Diplomatic mission of the Philippines in Portugal

The Embassy of the Philippines in Lisbon is the diplomatic mission of the Republic of the Philippines to the Portuguese Republic. It is located in the freguesia of Santo António in central Lisbon, next to the Casa-Museu Medeiros e Almeida, and near the Avenida da Liberdade and the Marquis of Pombal Square. Although the current chancery dates from 2010, the Philippines also maintained a previous resident embassy in Portugal between 1965 and 1974.

==History==
Although diplomatic relations between the Philippines and Portugal were established on September 3, 1959, during the presidency of Carlos P. Garcia, the Philippines did not immediately open a diplomatic mission in Portugal. Garcia's successor, Diosdado Macapagal, would sign an administrative order designating an embassy in Portugal on March 20, 1965, and nearly three months later on June 8, 1965, he announced that the Philippines would open a resident embassy in Lisbon later that year.

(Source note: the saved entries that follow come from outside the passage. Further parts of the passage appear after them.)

definition Zq :: "complex \<Rightarrow> nat \<Rightarrow> H \<Rightarrow> complex" where
  "Zq q M x = (\<Sum>\<alpha>\<in>{\<alpha>. cA x \<alpha> \<noteq> 0}. evC q (cA x \<alpha>) * ZW q M \<alpha>)"

definition ZqS :: "complex \<Rightarrow> nat \<Rightarrow> H \<Rightarrow> complex" where
  "ZqS q M x = Zq q M (wS x)"

end

theory Submission
  imports Defs "HOL-Library.Function_Algebras"
begin

(*
  The identity already holds in C<A>, before Z_{q,M} is applied:
  w^S(w sh w') = w^S(w psi(w')).

  Up to powers of hbar, w^S maps a word u to the sum of x sh psi(y) over the factorisations
  u = x y with y empty or beginning with b, where psi(b y) = b rho(y) and rho is the
  anti-automorphism of H with a |-> -a - hbar, b |-> b. The terms with y nonempty form the cut
  sum K_{1,b}(u), where K_{p,q}(v) is the sum of (p x) sh (q rho(z)) over v = x b z. Peeling
  off last letters with the recursive definition of sh gives the Leibniz rule
    K_{1,s}(x sh y) = K_{1, y sh s}(x) + K_{1, x sh s}(y),
  and cut sums are symmetric under rho: K_{p,q}(rho(v)) = K_{q,p}(v). Together these identify
  w^S(x sh y) with w^S(x psi(y)) for every word x and every A-word y.

  The rest is bookkeeping: C<A> consists of the elements supported on A-words whose
  coefficient at u is divisible by hbar^n, n the number of letters b of u not followed by a.
  This description is preserved by sh, concatenation and psi, and on such elements the
  coefficient extraction underlying linA is plain linear extension.
*)

section \<open>Finitely supported elements and linear extensions\<close>

definition finH :: "H \<Rightarrow> bool" where
  "finH x \<longleftrightarrow> finite (suppH x)"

Macapagal's successor, Ferdinand Marcos, would subsequently order the Embassy's closure in 1974. While there was no resident embassy in Portugal, relations were conducted through an honorary consulate, led by Manuel Pinheiro, and the country was placed under the jurisdiction of the Philippine Embassy in Paris.

The Philippine Embassy in Lisbon was reopened in 2010, during the presidency of Gloria Macapagal Arroyo at around the same time new embassies were also opened in Finland, Ireland and Poland. Arroyo's successor, Benigno Aquino III, would later appoint Philippe J. Lhuillier, at the time serving at the Philippine Embassy in Rome as ambassador to Italy, as ambassador to Portugal, with Lhuillier assuming his post on October 8, 2012. In 2015, the Embassy's jurisdiction was expanded to include Angola, Cape Verde, Guinea-Bissau and São Tomé and Príncipe, covering most of the Portuguese-speaking African countries.

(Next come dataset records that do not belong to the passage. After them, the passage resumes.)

text \<open>Cut \<open>(0, n y]\<close> into blocks of length \<open>y\<close>; on every block but the first, each point mass is at
  most the average mass of the previous block, counting both parities.\<close>

lemma prob_srw_le_interval_count:
  fixes E :: "int set" and K :: real
  assumes "1 \<le> n" "0 < y" "E \<subseteq> {0<..}"
    and count: "\<And>x. real (card {s\<in>E. x < s \<and> s \<le> x + int y}) \<le> K"
  shows "measure_pmf.prob (srw n) E \<le> K * (1 / sqrt n + 2 / real y)"
proof -
  define f where "f = pmf (srw n)"
  define B where "B j = {int j * int y<..(int j + 1) * int y}" for j :: nat
  define mass where "mass j = (\<Sum>t\<in>B j. f t + f (t - 1))" for j
  define bound where "bound j = (case j of 0 \<Rightarrow> 1 / sqrt n | Suc i \<Rightarrow> mass i / real y)" for j
  have "0 \<le> K" using count[of 0] by (meson of_nat_0_le_iff order_trans)
  have "measure_pmf.prob (srw n) E = (\<Sum>t\<in>{0<..int n * int y}. if t \<in> E then f t else 0)"
    unfolding f_def using assms by (intro prob_srw_eq_sum) auto
  also have "\<dots> = (\<Sum>j<n. \<Sum>t\<in>B j. if t \<in> E then f t else 0)"
    unfolding B_def by (rule sum_int_blocks[symmetric]) simp
  also have "\<dots> \<le> (\<Sum>j<n. K * bound j)"
  proof (intro sum_mono)
    fix j
    have "0 \<le> bound j"
      unfolding bound_def mass_def f_def by (auto split: nat.split intro!: sum_nonneg divide_nonneg_nonneg)
    have "(\<Sum>t\<in>B j. if t \<in> E then f t else 0) = (\<Sum>t\<in>{s\<in>E. int j * int y < s \<and> s \<le> int j * int y + int y}. f t)"
      by (simp add: sum.inter_filter[symmetric] B_def algebra_simps conj_commute)
    also have "\<dots> \<le> real (card {s\<in>E. int j * int y < s \<and> s \<le> int j * int y + int y}) * bound j"
      using pmf_srw_block_le[OF assms(1,2)] unfolding f_def bound_def mass_def B_def
      by (intro sum_bounded_above) (auto simp: algebra_simps)
    also have "\<dots> \<le> K * bound j"
      using count[of "int j * int y"] \<open>0 \<le> bound j\<close> by (intro mult_right_mono) simp_all
    finally show "(\<Sum>t\<in>B j. if t \<in> E then f t else 0) \<le> K * bound j" .
  qed
  also have "\<dots> \<le> K * (1 / sqrt n + 2 / real y)"
  proof -
    obtain m where m: "n = Suc m" using assms(1) by (cases n) auto
    have "(\<Sum>j<n. bound j) = 1 / sqrt n + (\<Sum>i<m. mass i) / real y"
      unfolding m sum.lessThan_Suc_shift bound_def by (simp add: sum_divide_distrib)
    also have "(\<Sum>i<m. mass i) \<le> (\<Sum>i<n. mass i)"
      unfolding mass_def f_def m by (intro sum_mono2) (auto intro: sum_nonneg)
    also have "\<dots> \<le> 2"
      unfolding mass_def B_def f_def by (rule sum_blocks_pmf_adjacent_le_2) simp
    finally have "(\<Sum>j<n. bound j) \<le> 1 / sqrt n + 2 / real y"
      using assms(2) by (simp add: divide_right_mono)
    then show ?thesis
      using \<open>0 \<le> K\<close> by (simp add: sum_distrib_left[symmetric] mult_left_mono)
  qed
  finally show ?thesis .
qed

section \<open>Selberg's upper bound sieve\<close>

definition phi_prod :: "nat set \<Rightarrow> real" where
  "phi_prod V = (\<Prod>p\<in>V. real p - 1)"

lemma phi_prod_ge_1:
  assumes "\<And>p. p \<in> V \<Longrightarrow> prime p"
  shows "1 \<le> phi_prod V"
  unfolding phi_prod_def using assms by (intro prod_ge_1) (auto dest: prime_ge_2_nat)

lemma prod_eq_sum_phi_prod:
  assumes "finite I"
  shows "real (\<Prod>I) = (\<Sum>V\<in>Pow I. phi_prod V)"
proof -
  have "real (\<Prod>I) = (\<Prod>p\<in>I. (real p - 1) + 1)" by simp
  also have "\<dots> = (\<Sum>V\<in>Pow I. (\<Prod>p\<in>V. real p - 1) * (\<Prod>p\<in>I - V. 1))"
    by (rule prod_add[OF assms])
  finally show ?thesis unfolding phi_prod_def by simp
qed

After a massive expansion of the Philippines' diplomatic presence abroad during Arroyo's presidency, in 2010 Senator Franklin Drilon questioned the need for embassies in countries with small Filipino communities, including a number of countries in Europe, and called for a review of the Philippines' diplomatic presence worldwide. This would lead to the closure of ten posts under Aquino, which took effect by October 31, 2012. The closures were not without controversy: Victoria "Vickie" Villar, who led a protest march against the then-impending closure of the Philippine Consulate General in Frankfurt, demanded that the embassy in Lisbon be closed instead as there were fewer Filipinos in Portugal compared to Germany.

==Staff and activities==
The Philippine Embassy in Lisbon is currently headed by Ambassador Paul Raymund P. Cortes, who was appointed to the position by President Bongbong Marcos on May 11, 2023. Prior to becoming Ambassador, Cortes, a career diplomat, served as Assistant Secretary for Migrant Workers' Affairs, and before that served as Consul General at the Philippine Consulate General in Dubai. His appointment was confirmed by the Commission on Appointments on May 31, 2023, and he presented his credentials to Portuguese President Marcelo Rebelo de Sousa on November 28, 2023.

Many of the Embassy's activities are connected to deepening and strengthening cultural and economic ties between the Philippines and Portugal – ties which were described by Lhuillier as being "stale" and which ought to be revived. Among its activities include organizing an exhibition on the banig mats of Basey, facilitating a workshop on Philippine weaving traditions, hosting a round table discussion on Portugal as an investment destination for Philippine businesses, and promoting the Philippines as a tourist destination.

In addition to these activities, the Embassy also conducts welfare activities for the community of Filipinos in Portugal, including warning Filipinos against non-existent scam job listings in Portugal, and registering Filipino seafarers based in the country as voters in upcoming elections.